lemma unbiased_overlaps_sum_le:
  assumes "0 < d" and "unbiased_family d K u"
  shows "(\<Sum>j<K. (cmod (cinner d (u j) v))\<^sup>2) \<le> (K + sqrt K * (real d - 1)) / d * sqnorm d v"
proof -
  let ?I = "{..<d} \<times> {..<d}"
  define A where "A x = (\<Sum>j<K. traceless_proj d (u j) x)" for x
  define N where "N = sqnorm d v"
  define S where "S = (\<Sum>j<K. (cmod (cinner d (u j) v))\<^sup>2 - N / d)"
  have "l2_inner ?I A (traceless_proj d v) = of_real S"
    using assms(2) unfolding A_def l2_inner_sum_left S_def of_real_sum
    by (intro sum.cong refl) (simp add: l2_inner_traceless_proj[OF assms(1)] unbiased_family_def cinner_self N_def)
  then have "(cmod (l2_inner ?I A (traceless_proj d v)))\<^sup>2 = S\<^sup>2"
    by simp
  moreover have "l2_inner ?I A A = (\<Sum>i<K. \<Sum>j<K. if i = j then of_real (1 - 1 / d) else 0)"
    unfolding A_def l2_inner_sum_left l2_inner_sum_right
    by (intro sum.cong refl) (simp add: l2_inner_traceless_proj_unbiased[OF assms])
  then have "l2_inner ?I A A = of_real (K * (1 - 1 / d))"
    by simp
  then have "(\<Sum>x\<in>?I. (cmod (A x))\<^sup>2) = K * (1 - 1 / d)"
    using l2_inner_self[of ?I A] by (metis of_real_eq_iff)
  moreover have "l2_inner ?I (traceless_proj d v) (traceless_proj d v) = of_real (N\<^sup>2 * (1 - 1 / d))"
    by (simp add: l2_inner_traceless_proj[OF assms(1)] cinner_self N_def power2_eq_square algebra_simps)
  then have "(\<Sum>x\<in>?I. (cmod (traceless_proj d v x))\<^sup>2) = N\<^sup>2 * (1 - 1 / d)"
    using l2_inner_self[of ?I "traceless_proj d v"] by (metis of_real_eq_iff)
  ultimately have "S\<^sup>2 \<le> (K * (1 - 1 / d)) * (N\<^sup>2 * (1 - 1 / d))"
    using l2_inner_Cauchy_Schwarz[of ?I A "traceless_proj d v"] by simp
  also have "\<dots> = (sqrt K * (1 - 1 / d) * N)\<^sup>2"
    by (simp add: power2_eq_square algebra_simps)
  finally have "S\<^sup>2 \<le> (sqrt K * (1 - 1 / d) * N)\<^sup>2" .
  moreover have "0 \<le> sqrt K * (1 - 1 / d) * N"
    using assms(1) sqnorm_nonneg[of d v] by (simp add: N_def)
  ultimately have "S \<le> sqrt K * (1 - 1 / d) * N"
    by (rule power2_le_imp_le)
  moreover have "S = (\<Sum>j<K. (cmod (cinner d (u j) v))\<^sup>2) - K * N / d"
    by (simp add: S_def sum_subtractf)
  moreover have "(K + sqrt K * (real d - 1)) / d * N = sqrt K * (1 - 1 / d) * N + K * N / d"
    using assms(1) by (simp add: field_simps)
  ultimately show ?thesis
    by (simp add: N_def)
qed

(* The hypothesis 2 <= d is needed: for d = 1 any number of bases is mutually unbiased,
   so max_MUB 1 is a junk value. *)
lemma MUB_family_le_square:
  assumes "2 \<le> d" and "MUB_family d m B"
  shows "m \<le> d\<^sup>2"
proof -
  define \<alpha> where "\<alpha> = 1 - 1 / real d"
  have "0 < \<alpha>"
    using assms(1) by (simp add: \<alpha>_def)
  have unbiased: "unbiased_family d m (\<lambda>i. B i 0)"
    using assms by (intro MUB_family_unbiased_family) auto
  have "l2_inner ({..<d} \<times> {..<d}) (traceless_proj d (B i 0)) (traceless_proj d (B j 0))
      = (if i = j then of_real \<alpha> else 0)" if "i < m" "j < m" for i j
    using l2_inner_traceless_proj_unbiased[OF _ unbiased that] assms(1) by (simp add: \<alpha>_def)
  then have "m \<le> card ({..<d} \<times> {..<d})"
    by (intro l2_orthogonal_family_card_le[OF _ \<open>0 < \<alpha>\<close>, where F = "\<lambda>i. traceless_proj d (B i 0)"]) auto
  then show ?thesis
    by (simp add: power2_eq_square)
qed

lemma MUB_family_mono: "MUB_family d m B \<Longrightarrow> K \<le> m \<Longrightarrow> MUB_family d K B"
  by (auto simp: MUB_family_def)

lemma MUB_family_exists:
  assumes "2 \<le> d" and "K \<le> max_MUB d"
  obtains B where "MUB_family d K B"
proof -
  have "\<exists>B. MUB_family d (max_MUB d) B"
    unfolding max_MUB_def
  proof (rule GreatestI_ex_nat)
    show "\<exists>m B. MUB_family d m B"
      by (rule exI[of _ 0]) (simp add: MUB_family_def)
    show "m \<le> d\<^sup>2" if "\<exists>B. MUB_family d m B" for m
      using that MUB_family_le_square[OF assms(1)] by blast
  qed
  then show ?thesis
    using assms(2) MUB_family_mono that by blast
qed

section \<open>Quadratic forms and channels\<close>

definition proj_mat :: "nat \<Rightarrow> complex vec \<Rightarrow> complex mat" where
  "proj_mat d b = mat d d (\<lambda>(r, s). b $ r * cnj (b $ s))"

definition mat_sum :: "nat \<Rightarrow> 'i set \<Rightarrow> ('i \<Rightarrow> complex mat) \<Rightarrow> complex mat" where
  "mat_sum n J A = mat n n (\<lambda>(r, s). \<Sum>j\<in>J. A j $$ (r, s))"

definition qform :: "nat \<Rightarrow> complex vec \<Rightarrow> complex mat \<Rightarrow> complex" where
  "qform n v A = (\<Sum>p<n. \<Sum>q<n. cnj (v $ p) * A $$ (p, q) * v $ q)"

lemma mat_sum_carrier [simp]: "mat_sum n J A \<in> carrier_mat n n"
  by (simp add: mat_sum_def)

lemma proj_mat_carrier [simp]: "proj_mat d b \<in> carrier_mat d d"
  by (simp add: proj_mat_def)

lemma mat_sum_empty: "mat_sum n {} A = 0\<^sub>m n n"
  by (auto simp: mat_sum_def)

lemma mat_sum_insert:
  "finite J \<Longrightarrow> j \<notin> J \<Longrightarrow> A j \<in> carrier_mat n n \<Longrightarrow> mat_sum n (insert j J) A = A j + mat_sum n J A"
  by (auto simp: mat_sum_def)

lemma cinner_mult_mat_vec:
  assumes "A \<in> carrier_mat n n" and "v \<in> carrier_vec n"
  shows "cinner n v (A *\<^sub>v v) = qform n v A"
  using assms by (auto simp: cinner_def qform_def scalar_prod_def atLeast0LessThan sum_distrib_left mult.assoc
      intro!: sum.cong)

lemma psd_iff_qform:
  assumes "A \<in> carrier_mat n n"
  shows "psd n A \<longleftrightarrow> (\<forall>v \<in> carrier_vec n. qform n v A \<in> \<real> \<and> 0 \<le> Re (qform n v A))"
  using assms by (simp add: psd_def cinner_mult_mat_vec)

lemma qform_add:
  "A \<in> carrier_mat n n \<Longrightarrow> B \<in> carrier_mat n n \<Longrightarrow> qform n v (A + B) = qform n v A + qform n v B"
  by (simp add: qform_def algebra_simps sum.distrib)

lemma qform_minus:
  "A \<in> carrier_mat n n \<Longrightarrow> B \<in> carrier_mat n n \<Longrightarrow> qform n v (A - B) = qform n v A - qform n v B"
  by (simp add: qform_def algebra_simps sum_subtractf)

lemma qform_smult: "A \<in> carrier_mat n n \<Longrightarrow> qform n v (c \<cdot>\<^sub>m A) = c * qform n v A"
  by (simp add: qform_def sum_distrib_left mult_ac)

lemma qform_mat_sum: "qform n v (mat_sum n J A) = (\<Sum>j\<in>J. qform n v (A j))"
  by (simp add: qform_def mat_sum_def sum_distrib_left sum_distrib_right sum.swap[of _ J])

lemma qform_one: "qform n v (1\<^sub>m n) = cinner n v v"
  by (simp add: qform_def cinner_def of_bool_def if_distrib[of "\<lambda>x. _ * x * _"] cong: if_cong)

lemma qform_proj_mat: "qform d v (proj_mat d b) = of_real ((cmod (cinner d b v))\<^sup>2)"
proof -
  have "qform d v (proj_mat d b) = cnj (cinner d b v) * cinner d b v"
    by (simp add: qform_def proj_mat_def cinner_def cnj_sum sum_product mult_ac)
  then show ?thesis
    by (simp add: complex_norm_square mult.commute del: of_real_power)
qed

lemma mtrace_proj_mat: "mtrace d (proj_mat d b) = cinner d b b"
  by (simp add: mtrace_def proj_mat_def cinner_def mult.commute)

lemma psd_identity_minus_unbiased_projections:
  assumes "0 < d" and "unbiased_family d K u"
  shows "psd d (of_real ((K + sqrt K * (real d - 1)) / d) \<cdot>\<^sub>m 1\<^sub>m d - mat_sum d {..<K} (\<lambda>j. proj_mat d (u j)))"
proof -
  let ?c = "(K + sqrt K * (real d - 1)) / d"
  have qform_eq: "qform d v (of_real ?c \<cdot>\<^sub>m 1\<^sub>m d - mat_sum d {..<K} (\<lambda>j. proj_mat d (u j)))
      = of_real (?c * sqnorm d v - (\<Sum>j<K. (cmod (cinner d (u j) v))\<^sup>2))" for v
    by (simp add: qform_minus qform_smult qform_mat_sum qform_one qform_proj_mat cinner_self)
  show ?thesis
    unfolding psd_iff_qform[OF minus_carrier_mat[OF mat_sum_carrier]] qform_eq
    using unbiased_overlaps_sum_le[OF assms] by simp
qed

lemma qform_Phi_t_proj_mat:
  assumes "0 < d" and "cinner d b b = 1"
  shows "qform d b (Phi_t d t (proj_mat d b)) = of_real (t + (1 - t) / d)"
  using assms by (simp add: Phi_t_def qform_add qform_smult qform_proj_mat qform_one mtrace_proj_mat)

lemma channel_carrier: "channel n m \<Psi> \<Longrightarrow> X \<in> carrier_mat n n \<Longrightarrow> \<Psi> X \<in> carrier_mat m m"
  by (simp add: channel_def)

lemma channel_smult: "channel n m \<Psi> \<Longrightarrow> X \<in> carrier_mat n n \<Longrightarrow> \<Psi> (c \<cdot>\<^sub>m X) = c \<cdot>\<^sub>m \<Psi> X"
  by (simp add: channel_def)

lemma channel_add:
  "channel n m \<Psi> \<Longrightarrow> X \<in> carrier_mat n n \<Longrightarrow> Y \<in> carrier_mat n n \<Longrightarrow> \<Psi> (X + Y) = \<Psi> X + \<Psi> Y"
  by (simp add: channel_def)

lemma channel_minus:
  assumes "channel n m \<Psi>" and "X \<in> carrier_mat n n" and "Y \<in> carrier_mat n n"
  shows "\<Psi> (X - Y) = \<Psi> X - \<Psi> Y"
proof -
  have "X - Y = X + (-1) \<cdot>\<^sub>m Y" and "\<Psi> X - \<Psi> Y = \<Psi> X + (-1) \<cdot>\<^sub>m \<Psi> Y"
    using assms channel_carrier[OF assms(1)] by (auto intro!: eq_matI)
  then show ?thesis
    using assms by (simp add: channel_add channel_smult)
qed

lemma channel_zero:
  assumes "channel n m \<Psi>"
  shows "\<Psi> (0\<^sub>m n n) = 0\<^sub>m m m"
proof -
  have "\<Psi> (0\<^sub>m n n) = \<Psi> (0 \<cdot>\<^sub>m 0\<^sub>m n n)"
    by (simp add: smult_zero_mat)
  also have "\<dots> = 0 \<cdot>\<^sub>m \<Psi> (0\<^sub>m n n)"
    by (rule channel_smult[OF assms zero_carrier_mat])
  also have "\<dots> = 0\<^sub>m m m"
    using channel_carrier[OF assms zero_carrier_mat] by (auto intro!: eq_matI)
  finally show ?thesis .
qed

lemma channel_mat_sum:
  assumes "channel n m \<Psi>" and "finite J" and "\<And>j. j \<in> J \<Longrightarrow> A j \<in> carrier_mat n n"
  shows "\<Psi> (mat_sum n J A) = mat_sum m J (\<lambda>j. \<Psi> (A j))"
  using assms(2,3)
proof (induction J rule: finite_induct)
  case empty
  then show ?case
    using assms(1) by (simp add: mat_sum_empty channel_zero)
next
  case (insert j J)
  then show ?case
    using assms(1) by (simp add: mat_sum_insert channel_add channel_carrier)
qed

--

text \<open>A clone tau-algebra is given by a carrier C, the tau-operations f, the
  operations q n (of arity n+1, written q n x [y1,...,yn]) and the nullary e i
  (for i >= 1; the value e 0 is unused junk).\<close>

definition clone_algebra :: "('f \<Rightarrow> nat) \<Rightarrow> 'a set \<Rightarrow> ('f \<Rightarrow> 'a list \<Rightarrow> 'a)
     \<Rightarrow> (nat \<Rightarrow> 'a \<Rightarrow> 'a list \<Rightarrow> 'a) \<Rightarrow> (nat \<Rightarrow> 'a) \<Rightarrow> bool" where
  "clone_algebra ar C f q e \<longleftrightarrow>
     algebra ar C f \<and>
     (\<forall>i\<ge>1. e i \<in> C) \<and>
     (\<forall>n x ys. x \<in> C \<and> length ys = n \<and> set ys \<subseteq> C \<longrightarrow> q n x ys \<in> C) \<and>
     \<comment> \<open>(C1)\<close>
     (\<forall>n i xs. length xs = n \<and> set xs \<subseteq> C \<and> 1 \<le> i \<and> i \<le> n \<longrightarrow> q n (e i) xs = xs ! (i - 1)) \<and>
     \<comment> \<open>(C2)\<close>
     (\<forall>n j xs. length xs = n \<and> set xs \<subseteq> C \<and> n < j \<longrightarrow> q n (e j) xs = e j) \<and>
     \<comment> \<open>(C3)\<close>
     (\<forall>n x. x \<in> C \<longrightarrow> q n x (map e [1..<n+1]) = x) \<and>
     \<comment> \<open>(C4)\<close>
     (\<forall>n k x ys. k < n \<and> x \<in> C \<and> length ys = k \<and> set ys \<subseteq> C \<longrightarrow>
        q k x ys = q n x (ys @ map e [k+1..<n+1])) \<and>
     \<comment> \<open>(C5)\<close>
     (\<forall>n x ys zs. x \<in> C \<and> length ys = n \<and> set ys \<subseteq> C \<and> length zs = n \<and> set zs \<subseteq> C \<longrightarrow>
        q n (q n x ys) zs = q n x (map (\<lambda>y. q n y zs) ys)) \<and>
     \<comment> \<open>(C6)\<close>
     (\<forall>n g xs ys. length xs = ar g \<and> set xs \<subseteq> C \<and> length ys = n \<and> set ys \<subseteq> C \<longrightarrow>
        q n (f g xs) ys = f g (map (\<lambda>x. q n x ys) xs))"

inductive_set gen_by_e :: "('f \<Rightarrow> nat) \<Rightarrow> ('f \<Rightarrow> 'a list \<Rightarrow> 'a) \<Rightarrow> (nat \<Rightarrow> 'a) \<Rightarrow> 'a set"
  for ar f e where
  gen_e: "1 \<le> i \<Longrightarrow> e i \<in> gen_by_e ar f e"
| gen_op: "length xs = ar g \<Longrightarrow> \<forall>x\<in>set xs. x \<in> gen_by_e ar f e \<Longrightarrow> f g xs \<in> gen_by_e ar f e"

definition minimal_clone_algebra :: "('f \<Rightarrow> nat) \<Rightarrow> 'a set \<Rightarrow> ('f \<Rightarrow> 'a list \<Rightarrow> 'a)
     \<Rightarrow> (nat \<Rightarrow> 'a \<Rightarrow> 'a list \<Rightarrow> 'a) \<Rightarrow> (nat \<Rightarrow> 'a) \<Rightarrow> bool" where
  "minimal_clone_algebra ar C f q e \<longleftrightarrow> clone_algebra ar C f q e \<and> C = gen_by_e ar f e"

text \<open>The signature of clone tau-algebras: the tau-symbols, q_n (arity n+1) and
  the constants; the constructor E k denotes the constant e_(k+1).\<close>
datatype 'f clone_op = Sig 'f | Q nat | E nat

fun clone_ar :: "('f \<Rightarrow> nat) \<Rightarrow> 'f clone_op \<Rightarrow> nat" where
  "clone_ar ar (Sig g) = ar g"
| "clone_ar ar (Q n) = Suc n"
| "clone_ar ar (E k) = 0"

* Aim of the task: Please return every line from the material above where the string "blast" occurs.

* Written solution:
      using that MUB_family_le_square[OF assms(1)] by blast
    using assms(2) MUB_family_mono that by blast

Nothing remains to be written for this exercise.